Add short term storage expiration indicator to history items
xref #20169
This simple approach should not be too expensive and can help the user identify when a dataset might be gone because it is stored in a short-term object store.
This works just by annotating the object store config with a new property object_expires_after_days:
- id: scratch
type: disk
device: device2
weight: 0
allow_selection: true
private: true
name: Scratch Storage
description: >
This object store is connected to institutional scratch storage. This disk space is not backed up and private to
your user, and datasets belonging to this storage will be automatically deleted after one month.
quota:
source: second_tier
files_dir: /home/dlopez/sandbox/data-gx/dev/objects/temp
badges:
- type: faster
- type: less_stable
- type: not_backed_up
- type: short_term
message: The data stored here is purged after a month.
object_expires_after_days: 30
There are still some drawbacks to consider/resolve:
- [ ] Synchronize the object store config property
object_expires_after_dayswith the actual expiration time of the object store. It seems the cleanup of the object store is handled by external processes, so this value must be in sync with the actual expiration time of the object store. - [ ] Collections do not have an
object_store_idproperty. I wonder if we could "estimate" or "assume" the object store ID of a collection by looking at the object store ID of the first dataset in the collection. This is not ideal, but maybe it could be a good enough workaround? I'm not sure how often collection elements are stored in mixed object stores, but I guess it could happen.
How to test the changes?
(Select all options that apply)
- [ ] I've included appropriate automated tests.

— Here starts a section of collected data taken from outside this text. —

definition has_sup_in :: "('a \<Rightarrow> 'a \<Rightarrow> bool) \<Rightarrow> 'a set \<Rightarrow> 'a set \<Rightarrow> bool" where
  "has_sup_in le P D \<longleftrightarrow> (\<exists>x. is_sup_in le P D x)"

definition way_below_in :: "('a \<Rightarrow> 'a \<Rightarrow> bool) \<Rightarrow> 'a set \<Rightarrow> 'a \<Rightarrow> 'a \<Rightarrow> bool" where
  "way_below_in le P x y \<longleftrightarrow>
     (\<forall>D z. directed_in le P D \<longrightarrow> is_sup_in le P D z \<longrightarrow> le y z \<longrightarrow>
        (\<exists>d\<in>D. le x d))"

definition mirror_semigroup :: "('a::semigroup_mult) itself \<Rightarrow> bool" where
  "mirror_semigroup _ \<longleftrightarrow>
     (\<forall>D::'a set. directed_in ileq idems D \<longrightarrow> has_sup_in ileq idems D \<longrightarrow>
        has_sup_in ileq UNIV D)"

definition sep_scott_cont :: "('a::semigroup_mult) itself \<Rightarrow> bool" where
  "sep_scott_cont _ \<longleftrightarrow>
     (\<forall>(D::'a set) x s. directed_in ileq UNIV D \<longrightarrow> is_sup_in ileq UNIV D x \<longrightarrow>
        is_sup_in ileq UNIV ((\<lambda>d. d * s) ` D) (x * s))"

end

theory Submission
  imports Defs
begin

text \<open>Below a common upper bound z, an element d is recovered from its source as d = z src(d),
  and src(d) = z* d. So for a directed D with supremum z, left Scott-continuity (obtained from the
  right one through the involution) makes src(D) = z* D directed with supremum src(z), and s \<le> d
  follows as soon as src(s) \<le> src(d); this proves that the two conditions imply s \<ll> t.
  Conversely, in a mirror semigroup a directed set of idempotents with supremum z in \<Sigma> has the
  same supremum in S, so t D is directed with supremum t z \<ge> t when src(t) \<le> z, and the
  inequality src(t e) \<le> e transfers s \<le> t e back to src(s) \<le> e.\<close>

lemma ileqI: "e * e = e \<Longrightarrow> s = t * e \<Longrightarrow> ileq s t"
  unfolding ileq_def idems_def by blast

lemma ileqE:
  assumes "ileq s t"
  obtains e where "e * e = e" "s = t * e"
  using assms unfolding ileq_def idems_def by blast

lemma directed_in_image:
  assumes "directed_in le P D" "\<And>x y. le x y \<Longrightarrow> le' (f x) (f y)" "f ` D \<subseteq> Q"
  shows "directed_in le' Q (f ` D)"
  unfolding directed_in_def
proof (intro conjI ballI)
  fix a b assume "a \<in> f ` D" "b \<in> f ` D"
  then obtain x y where "x \<in> D" "y \<in> D" "a = f x" "b = f y"
    by blast
  then obtain z where "z \<in> D" "le x z" "le y z"
    using assms(1) unfolding directed_in_def by blast
  with \<open>a = f x\<close> \<open>b = f y\<close> show "\<exists>c\<in>f ` D. le' a c \<and> le' b c"
    using assms(2) by blast
qed (use assms in \<open>auto simp: directed_in_def\<close>)

lemma is_sup_in_subset: "is_sup_in le P D x \<Longrightarrow> Q \<subseteq> P \<Longrightarrow> x \<in> Q \<Longrightarrow> is_sup_in le Q D x"
  unfolding is_sup_in_def by blast

context
  assumes inv: "inverse_semigroup TYPE('a::semigroup_mult)"
begin

lemma ex1_inverse: "\<exists>!u. (s::'a) * u * s = s \<and> u * s * u = u"
  using inv unfolding inverse_semigroup_def by blast

lemma istar_inverse: "(s::'a) * istar s * s = s" "istar s * s * istar s = istar s"
  using theI'[OF ex1_inverse, of s] unfolding istar_def by auto

lemma istar_inverse_assoc:
  "(s::'a) * (istar s * s) = s" "s * (istar s * (s * z)) = s * z"
  "istar s * (s * istar s) = istar s" "istar s * (s * (istar s * z)) = istar s * z"
  using istar_inverse[of s] by (simp_all add: mult.assoc[symmetric])

lemma istar_eqI: "(s::'a) * u * s = s \<Longrightarrow> u * s * u = u \<Longrightarrow> istar s = u"
  unfolding istar_def by (rule the1_equality[OF ex1_inverse]) simp

lemma istar_istar [simp]: "istar (istar (s::'a)) = s"
  by (rule istar_eqI) (use istar_inverse in auto)

lemma istar_idem: "(e::'a) * e = e \<Longrightarrow> istar e = e"
  by (rule istar_eqI) auto

lemma idem_assoc: "(e::'a) * e = e \<Longrightarrow> e * (e * z) = e * z"
  by (simp add: mult.assoc[symmetric])

lemma idem_mult_idem:
  assumes a: "(a::'a) * a = a" and b: "b * b = b"
  shows "a * b * (a * b) = a * b"
proof -
  define x where "x = istar (a * b)"
  have x1: "a * (b * (x * (a * b))) = a * b" and x2: "x * (a * (b * x)) = x"
    using istar_inverse[of "a * b"] unfolding x_def by (simp_all add: mult.assoc)
  have x2z: "x * (a * (b * (x * z))) = x * z" for z
    using x2 by (metis mult.assoc)
  \<comment> \<open>b x a is also an inverse of a b, so by uniqueness x = b x a, which makes x idempotent\<close>
  have "istar (a * b) = b * x * a"
    by (rule istar_eqI) (simp_all add: mult.assoc idem_assoc a b x1 x2 x2z)
  hence x_eq: "x = b * x * a"
    unfolding x_def by simp
  have "x * x = b * (x * (a * (b * x))) * a"
    using x_eq by (metis mult.assoc)
  also have "\<dots> = x"
    using x2 x_eq by (metis mult.assoc)
  finally have x_idem: "x * x = x" .
  hence "a * b = x"
    unfolding x_def by (metis istar_idem istar_istar)
  with x_idem show ?thesis by simp
qed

- [ ] This is a refactoring of components with existing test coverage.
- [ ] Instructions for manual testing are as follows:
- [add testing steps and prerequisites here if you didn't write automated tests covering all your changes]
License
- [x] I agree to license these and all my past contributions to the core galaxy codebase under the MIT license.
I'm anxious about this idea for a few reasons but Anton is the boss 🤷♀️.

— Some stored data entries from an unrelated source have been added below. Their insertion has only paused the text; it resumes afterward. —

(* Contracting c into b supplies the missing edge ab through ac. *)
lemma has_K5_minor_by_contracting_in_neighbourhood:
  assumes "simple_graph V E" "v \<in> V" "{a, b, c, d, e} \<subseteq> neighbours E v" "distinct [a, b, c, d, e]"
    and "{a, c} \<in> E" "{a, d} \<in> E" "{a, e} \<in> E" "{b, c} \<in> E" "{b, d} \<in> E" "{b, e} \<in> E" "{d, e} \<in> E"
  shows "has_K5_minor V E"
proof (rule has_K5_minor_if_contract_to_clique[where u = b and v = c and W = "{v, a, b, d, e}"])
  have v: "v \<notin> {a, b, c, d, e}" using assms(3) not_in_neighbours[OF assms(1)] by (meson subsetD)
  have V: "{a, b, c, d, e} \<subseteq> V" using assms(3) neighbours_subset[OF assms(1)] by (rule order_trans)
  with v show "{v, a, b, d, e} \<subseteq> V - {c}" "card {v, a, b, d, e} = 5"
    using assms(2,4) by auto
  show "is_clique V E ({v, a, b, d, e} - {b})"
    using assms V by (auto simp: is_clique_def insert_commute)
  show "{b, y} \<in> E \<or> {c, y} \<in> E" if "y \<in> {v, a, b, d, e} - {b}" for y
    using that assms by (auto simp: insert_commute)
qed (use assms in auto)

lemma has_K5_minor_if_five_neighbours_missing_matching:
  assumes sg: "simple_graph V E" and v: "v \<in> V" "card (neighbours E v) = 5"
    and adjacent: "\<And>x y z. x \<in> neighbours E v \<Longrightarrow> y \<in> neighbours E v \<Longrightarrow> z \<in> neighbours E v
      \<Longrightarrow> x \<noteq> y \<Longrightarrow> y \<noteq> z \<Longrightarrow> z \<noteq> x \<Longrightarrow> {x, z} \<notin> E \<Longrightarrow> {x, y} \<in> E"
  shows "has_K5_minor V E"
proof (cases "\<exists>b\<in>neighbours E v. is_clique V E (neighbours E v - {b})")
  case True
  then obtain b where "b \<in> neighbours E v" "is_clique V E (neighbours E v - {b})" by blast
  moreover have "card (neighbours E v - {b}) = 4"
    using \<open>b \<in> neighbours E v\<close> v(2) finite_neighbours[OF sg] by simp
  ultimately show ?thesis
    using has_K5_minor_if_clique_in_neighbours[OF sg v(1)] by blast
next
  case False
  define N where "N = neighbours E v"
  have non_edge: "\<exists>x\<in>N - {b}. \<exists>y\<in>N - {b}. x \<noteq> y \<and> {x, y} \<notin> E" if "b \<in> N" for b
    using False that neighbours_subset[OF sg] unfolding N_def is_clique_def by blast
  have "N \<noteq> {}" using v(2) unfolding N_def by force
  then obtain x\<^sub>0 where "x\<^sub>0 \<in> N" by blast
  then obtain a b where ab: "a \<in> N" "b \<in> N" "a \<noteq> b" "{a, b} \<notin> E"
    using non_edge by blast
  obtain c d where cd: "c \<in> N" "d \<in> N" "c \<noteq> b" "d \<noteq> b" "c \<noteq> d" "{c, d} \<notin> E"
    using non_edge[OF ab(2)] by blast
  have "c \<noteq> a" using adjacent[of a d b] ab cd unfolding N_def by auto
  moreover have "d \<noteq> a" using adjacent[of a c b] ab cd unfolding N_def by (auto simp: insert_commute)
  ultimately have "card (N - {a, b, c, d}) = 1"
    using v(2) finite_neighbours[OF sg] ab cd unfolding N_def by (simp add: card_Diff_subset)
  then obtain e where e: "e \<in> N" "e \<notin> {a, b, c, d}" by (metis card_1_singletonE Diff_iff insertI1)
  show ?thesis
  proof (rule has_K5_minor_by_contracting_in_neighbourhood[OF sg v(1)])
    show "{a, b, c, d, e} \<subseteq> neighbours E v" using ab cd e unfolding N_def by auto
    show "distinct [a, b, c, d, e]" using ab cd e \<open>c \<noteq> a\<close> \<open>d \<noteq> a\<close> by auto
    have "{b, a} \<notin> E" "{d, c} \<notin> E" using ab cd by (simp_all add: insert_commute)
    note config = ab cd e \<open>c \<noteq> a\<close> \<open>d \<noteq> a\<close> this
    show "{a, c} \<in> E" using adjacent[of a c b] config unfolding N_def by auto
    show "{a, d} \<in> E" using adjacent[of a d b] config unfolding N_def by auto
    show "{a, e} \<in> E" using adjacent[of a e b] config unfolding N_def by auto
    show "{b, c} \<in> E" using adjacent[of b c a] config unfolding N_def by auto
    show "{b, d} \<in> E" using adjacent[of b d a] config unfolding N_def by auto
    show "{b, e} \<in> E" using adjacent[of b e a] config unfolding N_def by auto
    show "{d, e} \<in> E" using adjacent[of d e c] config unfolding N_def by auto
  qed
qed

lemma has_K5_minor_if_low_degree:
  assumes sg: "simple_graph V E" and v: "v \<in> V" "neighbours E v \<noteq> {}" "card (neighbours E v) \<le> 5"
    and triangles: "\<And>x. x \<in> neighbours E v \<Longrightarrow> 3 \<le> card (neighbours E v \<inter> neighbours E x)"
  shows "has_K5_minor V E"
proof -
  define N where "N = neighbours E v"
  have N: "finite N" "N \<subseteq> V"
    unfolding N_def using finite_neighbours[OF sg] neighbours_subset[OF sg] by auto
  have few: "card (N - insert x (neighbours E x)) + 4 \<le> card N" if "x \<in> N" for x
    using card_non_neighbours_in_neighbourhood[OF sg _ triangles] that unfolding N_def by blast
  obtain x\<^sub>0 where "x\<^sub>0 \<in> N" using v(2) unfolding N_def by blast
  then have "4 \<le> card N" using few by fastforce
  then consider "card N = 4" | "card N = 5" using v(3) unfolding N_def by linarith
  then show ?thesis
  proof cases
    case 1
    have "is_clique V E N"
      unfolding is_clique_def
    proof (intro conjI ballI impI)
      fix x y assume xy: "x \<in> N" "y \<in> N" "x \<noteq> y"
      have "N - insert x (neighbours E x) = {}"
        using few[OF xy(1)] 1 N(1) by simp
      with xy show "{x, y} \<in> E" by auto
    qed (rule N(2))
    then show ?thesis
      using has_K5_minor_if_clique_in_neighbours[OF sg v(1)] 1 unfolding N_def by blast
  next
    case 2
    have "{x, y} \<in> E"
      if "x \<in> N" "y \<in> N" "z \<in> N" "x \<noteq> y" "y \<noteq> z" "z \<noteq> x" "{x, z} \<notin> E" for x y z
    proof (rule ccontr)
      assume "{x, y} \<notin> E"
      with that have "y \<in> N - insert x (neighbours E x)" "z \<in> N - insert x (neighbours E x)" by auto
      then show False
        using few[OF that(1)] 2 N(1) card_le_Suc0_iff_eq[of "N - insert x (neighbours E x)"] that(5)
        by auto
    qed
    then show ?thesis
      using has_K5_minor_if_five_neighbours_missing_matching[OF sg v(1)] 2 unfolding N_def by blast
  qed
qed

lemma has_K5_minor_if_edges_in_triangles:
  assumes "simple_graph V E" "V \<noteq> {}" "card E < 3 * card V"
    and "\<And>v. v \<in> V \<Longrightarrow> neighbours E v \<noteq> {}"
    and "\<And>x y. {x, y} \<in> E \<Longrightarrow> 3 \<le> card (neighbours E x \<inter> neighbours E y)"
  shows "has_K5_minor V E"
proof -
  obtain v where "v \<in> V" "card (neighbours E v) \<le> 5"
    using low_degree_vertex_exists[OF assms(1-3)] .
  then show ?thesis
    using has_K5_minor_if_low_degree[OF assms(1)] assms(4,5) by simp
qed

lemma card_edges_small_K5_minor_free:
  assumes "simple_graph V E" "\<not> has_K5_minor V E" "3 \<le> card V" "card V \<le> 5"
  shows "card E + 6 \<le> 3 * card V"
proof -
  have five: "card E < card V choose 2" if "card V = 5"
  proof (rule ccontr)
    assume "\<not> card E < card V choose 2"
    then have "is_clique V E V" using is_clique_if_card_edges_ge[OF assms(1)] by simp
    then show False
      using has_K5_minor_if_clique[OF simple_graph_finite[OF assms(1)] _ that] assms(2) by blast
  qed
  consider "card V = 3" | "card V = 4" | "card V = 5" using assms(3,4) by linarith
  then show ?thesis using card_edges_le_choose_two[OF assms(1)] five by cases (simp_all add: choose_two)
qed

lemma card_edges_K5_minor_free_step:
  assumes sg: "simple_graph V E" and free: "\<not> has_K5_minor V E" and large: "6 \<le> card V"
    and IH: "\<And>V' E'. simple_graph V' E' \<Longrightarrow> minor_step (V, E) (V', E') \<Longrightarrow> 3 \<le> card V'
      \<Longrightarrow> card V' + card E' < card V + card E \<Longrightarrow> card E' + 6 \<le> 3 * card V'"
  shows "card E + 6 \<le> 3 * card V"
proof (rule ccontr)
  assume bad: "\<not> card E + 6 \<le> 3 * card V"
  have finite: "finite V" "finite E"
    using sg by (auto intro: simple_graph_finite simple_graph_finite_edges)
  have exact: "card E + 5 = 3 * card V"
  proof (rule ccontr)
    assume "card E + 5 \<noteq> 3 * card V"
    with bad have more: "3 * card V + 1 < card E + 6" by linarith
    then obtain e where e: "e \<in> E" using large by fastforce
    have "card (E - {e}) + 6 \<le> 3 * card V"
      using e finite(2) card_Diff1_less[OF finite(2) e] large
      by (intro IH simple_graph_delete_edge[OF sg] minor_step.del_edge) auto
    then show False using more e finite(2) by simp
  qed
  have triangles: "3 \<le> card (neighbours E x \<inter> neighbours E y)" if xy: "{x, y} \<in> E" for x y
  proof (rule ccontr)
    assume few: "\<not> 3 \<le> card (neighbours E x \<inter> neighbours E y)"
    have "x \<noteq> y" "y \<in> V" using simple_graph_edgeD[OF sg xy] by auto
    then have V: "card (V - {y}) + 1 = card V" using card_Suc_Diff1[OF finite(1)] by simp
    then have "card (contract_edges E x y) + 6 \<le> 3 * card (V - {y})"
      using card_contract_edges[OF sg xy] large
      by (intro IH simple_graph_contract[OF sg xy] minor_step_contract[OF xy \<open>x \<noteq> y\<close>]) auto
    then show False using card_contract_edges[OF sg xy] few exact V by linarith
  qed
  have isolated: "neighbours E v \<noteq> {}" if "v \<in> V" for v
  proof
    assume "neighbours E v = {}"
    then have "card E + 6 \<le> 3 * card (V - {v})"
      using that large finite(1)
      by (intro IH simple_graph_delete_isolated[OF sg] minor_step_delete_isolated[OF sg]) auto
    then show False using exact that finite(1) by simp
  qed
  have "has_K5_minor V E"
    using large exact triangles isolated by (intro has_K5_minor_if_edges_in_triangles[OF sg]) auto
  with free show False ..
qed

If you descend into collections in the history panel - do you get the icon on individual datasets there? The query that summarizes states across the whole collection could accumulate the object store IDS at the same time - it would be a wild query but it would probably the easiest and correct thing to do to summarize the dataset collection. I guess we couldn't get a count down in that case but we could add a storage temp storage icon with more information like a per dataset break down by clicking on it.
I understand and share your concerns, especially with collections. I also think the other proposed solutions, like sending emails, are even more concerning. It would be really hard to do it right and not turn it into a massive spam generator, so likely not worth it :sweat_smile:
If you descend into collections in the history panel - do you get the icon on individual datasets there?
I would say no. My idea was to do something less accurate, but enough to "inform" the user that the datasets or collections used will be temporal. I thought displaying something a the top level would be enough, if you drilled down that collection, you must have already seen the "indication" and we could still display it at the top.
I know it is technically possible to mix elements from different object stores in the same collection, but will this be a common case? I was hoping we could assume a single common object store for the HDCA by peeking into just one of its datasets. But yeah, in the worst case, we could do what you suggest, aggregating the object store IDs in the summarize query, and if there is at least one object store ID known to be short-term, just display some warning at the top. This would probably already be a huge improvement in raising awareness of the temporary nature of the selected storage without needing many more features.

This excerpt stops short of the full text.